In relation to (I) above, it is important to note that there are some circumstances where an MA from Switzerland can count as the first in the EEA.
Further, where the first MA in the EEA is a “centralised” authorisation issued by the European Commission, Mike Snodin has argued that SPC term ought to be calculated by reliance upon the Notification Date of the “centralised” MA, as opposed to the (earlier) date upon which the European Commission decides to issue the MA (see Mike’s articles in SCRIP Regulatory Affairs from October 2011, December 2013 and October 2014). The Court of Justice of the EU (CJEU) has now accepted the premise set out in Mike’s articles. Thus, for all pending applications in all EU Member States, SPC term will now be calculated using, where relevant, the date of notification of a “centralised” MA. However, as noted in Mike Snodin’s article in SCRIP Regulatory Affairs from October 2015, correcting the (too short) term of granted SPCs may prove tricky in some territories.
SPCs to active ingredient(s) present in certain human medicinal products may be eligible for a 6-month extension of term, provided that those medicinal products have been the subject of clinical trials in the paediatric population that have been completed in accordance with a plan agreed with the European Medicines Agency.
If extended SPC protection is likely to be sought, then the possibilities for negative (normal) term SPCs should also be contemplated.
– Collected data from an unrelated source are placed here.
definition tau2 :: "nat \<Rightarrow> trt \<Rightarrow> (nat \<Rightarrow> nat \<Rightarrow> trt list \<Rightarrow> real) \<Rightarrow> real" where
  "tau2 N z1 Y = Ybar N Y 2 [z1, A] - Ybar N Y 2 [z1, B]"

end

theory Submission
  imports Defs "HOL-Combinatorics.Permutations"
begin

text \<open>Under complete randomization every unit is equally likely to receive each sequence, so
  each group mean is unbiased for the corresponding population mean, and the expectation of a
  linear estimator in the crossover design is
  w_1(AB) Ybar_1(AB) + w_1(BA) Ybar_1(BA) + w_2(AB) Ybar_2(AB) + w_2(BA) Ybar_2(BA).
  With carryover of order one, Ybar_t(z) depends only on z_t, so this is
  w_1(AB) Ybar_1(A) + w_1(BA) Ybar_1(B) + w_2(AB) Ybar_2(B) + w_2(BA) Ybar_2(A).
  Populations whose outcomes depend only on the current treatment satisfy both assumptions and
  make the four means arbitrary, so unbiasedness forces the weights to be the coefficients of
  the estimand.\<close>

lemma finite_assignments: "finite S \<Longrightarrow> finite (assignments N S Nz)"
  unfolding assignments_def by (rule finite_subset[of _ "{..<N} \<rightarrow>\<^sub>E S"]) (auto intro: finite_PiE)

lemma assignments_comp_permutes:
  assumes Z: "Z \<in> assignments N S Nz" and p: "p permutes {..<N}"
  shows "Z \<circ> p \<in> assignments N S Nz"
proof -
  have "p i < N \<longleftrightarrow> i < N" for i
    using permutes_in_image[OF p] by simp
  then have "Z \<circ> p \<in> {..<N} \<rightarrow>\<^sub>E S"
    using Z p by (auto simp: assignments_def PiE_def Pi_def extensional_def permutes_not_in)
  moreover have "card {i. i < N \<and> (Z \<circ> p) i = z} = card {i. i < N \<and> Z i = z}" for z
  proof -
    have "bij_betw p {i \<in> {..<N}. Z (p i) = z} {i \<in> {..<N}. Z i = z}"
      by (rule bij_betw_Collect[OF permutes_imp_bij[OF p]]) simp
    then show ?thesis
      by (simp add: bij_betw_same_card)
  qed
  ultimately show ?thesis using Z by (simp add: assignments_def)
qed

lemma card_assignments_unit_eq:
  assumes "i < N" "j < N"
  shows "card {Z \<in> assignments N S Nz. Z i = z} = card {Z \<in> assignments N S Nz. Z j = z}"
proof -
  have p: "transpose i j permutes {..<N}" using assms by (simp add: permutes_swap_id)
  have "bij_betw (\<lambda>Z. Z \<circ> transpose i j) {Z \<in> assignments N S Nz. Z j = z} {Z \<in> assignments N S Nz. Z i = z}"
    by (rule bij_betw_byWitness[where f' = "\<lambda>Z. Z \<circ> transpose i j"])
      (auto simp: fun_eq_iff assignments_comp_permutes[OF _ p])
  then show ?thesis by (simp add: bij_betw_same_card)
qed

lemma assignments_nonempty:
  assumes S: "finite S" and N: "N = (\<Sum>z\<in>S. Nz z)"
  shows "assignments N S Nz \<noteq> {}"
proof -
  let ?U = "Sigma S (\<lambda>z. {..<Nz z})"
  obtain h where h: "bij_betw h {..<N} ?U"
    using ex_bij_betw_nat_finite[of ?U] S N by (auto simp: atLeast0LessThan)
  define Z where "Z i = (if i < N then fst (h i) else undefined)" for i
  have "fst (h i) \<in> S" if "i < N" for i
    using bij_betw_apply[OF h, of i] that by (cases "h i") auto
  then have "Z \<in> {..<N} \<rightarrow>\<^sub>E S"
    by (simp add: Z_def PiE_iff extensional_def)
  moreover have "card {i. i < N \<and> Z i = z} = Nz z" if "z \<in> S" for z
  proof -
    have "bij_betw h {i \<in> {..<N}. Z i = z} {u \<in> ?U. fst u = z}"
      by (rule bij_betw_Collect[OF h]) (simp add: Z_def)
    moreover have "{u \<in> ?U. fst u = z} = {z} \<times> {..<Nz z}"
      using that by auto
    ultimately show ?thesis
      by (simp add: bij_betw_same_card Collect_conj_eq lessThan_def card_cartesian_product_singleton)
  qed
  ultimately show ?thesis by (auto simp: assignments_def)
qed

lemma sum_assignments_group_sum:
  fixes g :: "nat \<Rightarrow> real"
  assumes S: "finite S"
  shows "(\<Sum>Z\<in>assignments N S Nz. \<Sum>i | i < N \<and> Z i = z. g i)
       = real (card {Z \<in> assignments N S Nz. Z 0 = z}) * (\<Sum>i<N. g i)"
proof -
  let ?G = "assignments N S Nz"
  have fin: "finite ?G" using finite_assignments[OF S] .
  have "(\<Sum>Z\<in>?G. \<Sum>i | i < N \<and> Z i = z. g i) = (\<Sum>Z\<in>?G. \<Sum>i<N. if Z i = z then g i else 0)"
  proof (rule sum.cong[OF refl])
    fix Z
    have "{i. i < N \<and> Z i = z} = {i \<in> {..<N}. Z i = z}" by auto
    then show "(\<Sum>i | i < N \<and> Z i = z. g i) = (\<Sum>i<N. if Z i = z then g i else 0)"
      by (simp only: sum.inter_filter[OF finite_lessThan])
  qed
  also have "\<dots> = (\<Sum>i<N. \<Sum>Z\<in>?G. if Z i = z then g i else 0)"
    by (rule sum.swap)
  also have "\<dots> = (\<Sum>i<N. g i * real (card {Z \<in> ?G. Z i = z}))"
  proof (rule sum.cong[OF refl])
    fix i
    show "(\<Sum>Z\<in>?G. if Z i = z then g i else 0) = g i * real (card {Z \<in> ?G. Z i = z})"
      using sum.inter_filter[OF fin, of "\<lambda>_. g i" "\<lambda>Z. Z i = z"] by (simp add: mult.commute)
  qed
  also have "\<dots> = (\<Sum>i<N. g i * real (card {Z \<in> ?G. Z 0 = z}))"
  proof (rule sum.cong[OF refl])
    fix i assume "i \<in> {..<N}"
    then have "card {Z \<in> ?G. Z i = z} = card {Z \<in> ?G. Z 0 = z}"
      by (intro card_assignments_unit_eq) auto
    then show "g i * real (card {Z \<in> ?G. Z i = z}) = g i * real (card {Z \<in> ?G. Z 0 = z})"
      by simp
  qed
  finally show ?thesis by (simp add: sum_distrib_right mult.commute)
qed

lemma expect_Yhat:
  assumes S: "finite S" and z: "z \<in> S" and Nz: "0 < Nz z" and G: "assignments N S Nz \<noteq> {}"
  shows "expect N S Nz (\<lambda>Z. Yhat N Nz Y Z t z) = Ybar N Y t z"
proof -
  let ?G = "assignments N S Nz"
  let ?c = "real (card {Z \<in> ?G. Z 0 = z})"
  have group_size: "card {i. i < N \<and> Z i = z} = Nz z" if "Z \<in> ?G" for Z
    using that z by (simp add: assignments_def)
  obtain Z0 where "Z0 \<in> ?G" using G by blast
  then have "{i. i < N \<and> Z0 i = z} \<noteq> {}"
    using Nz group_size[OF \<open>Z0 \<in> ?G\<close>] by (metis card.empty less_irrefl)
  then have "0 < N" by auto
  have "real (card ?G) * real (Nz z) = (\<Sum>Z\<in>?G. \<Sum>i | i < N \<and> Z i = z. 1)"
    by (simp add: group_size)
  also have "\<dots> = ?c * real N"
    by (subst sum_assignments_group_sum[OF S]) simp
  finally have c: "?c = real (card ?G) * real (Nz z) / real N"
    using \<open>0 < N\<close> by (simp add: field_simps)
  have "(\<Sum>Z\<in>?G. Yhat N Nz Y Z t z) = (\<Sum>Z\<in>?G. \<Sum>i | i < N \<and> Z i = z. Y i t z) / real (Nz z)"
    by (simp add: Yhat_def sum_divide_distrib)
  also have "\<dots> = ?c * (\<Sum>i<N. Y i t z) / real (Nz z)"
    by (simp add: sum_assignments_group_sum[OF S])
  finally show ?thesis
    using G Nz finite_assignments[OF S] by (simp add: expect_def Ybar_def c)
qed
In this respect, please see, for example, the articles that Mike Snodin has (co-)authored on the topic of zero and negative term SPCs, such as the 2007 RAJ Pharma article and the SCRIP Regulatory Affairs article from January 2012.
The precise date of expiry of an SPC may vary from country to country, for example due to differences in patent expiry dates or the date ascribed to a particular MA. In this respect, an additional day of SPC term may be obtainable in countries with “short” patent term (such as the UK) by reliance upon still further arguments put forward by Mike Snodin (in his SCRIP Regulatory Affairs article from June 2014).
9. When is an SPC invalid?
An SPC can become invalid if the patent upon which it is based:
- lapses before the end of its full term; or
- is revoked at least to the extent that the (combination of) active ingredients defined in relation to the SPC is no longer protected by that patent.
An SPC can also be invalid if it is granted contrary to the provisions of the SPC legislation, including those provisions discussed in connection with Question 2 above.
10. Who can apply to invalidate an SPC?
Any third party. In the UK, an application to invalidate an SPC can be filed at the High Court. Alternatively, it can be filed with the UK Intellectual Property Office (UK IPO) – though any decision by the UK IPO with respect to SPC validity will be appealable to the High Court.
Similarly, it is also possible to apply to invalidate an extension of an SPC – either on the same grounds as are available for unextended SPCs or upon the grounds that the legislative provisions governing extension of SPCs have not been satisfied.
At least in the UK, pending SPC applications cannot be opposed. However, it is possible to file third party observations in connection with pending application. This option is also available in many other (but not all) European territories.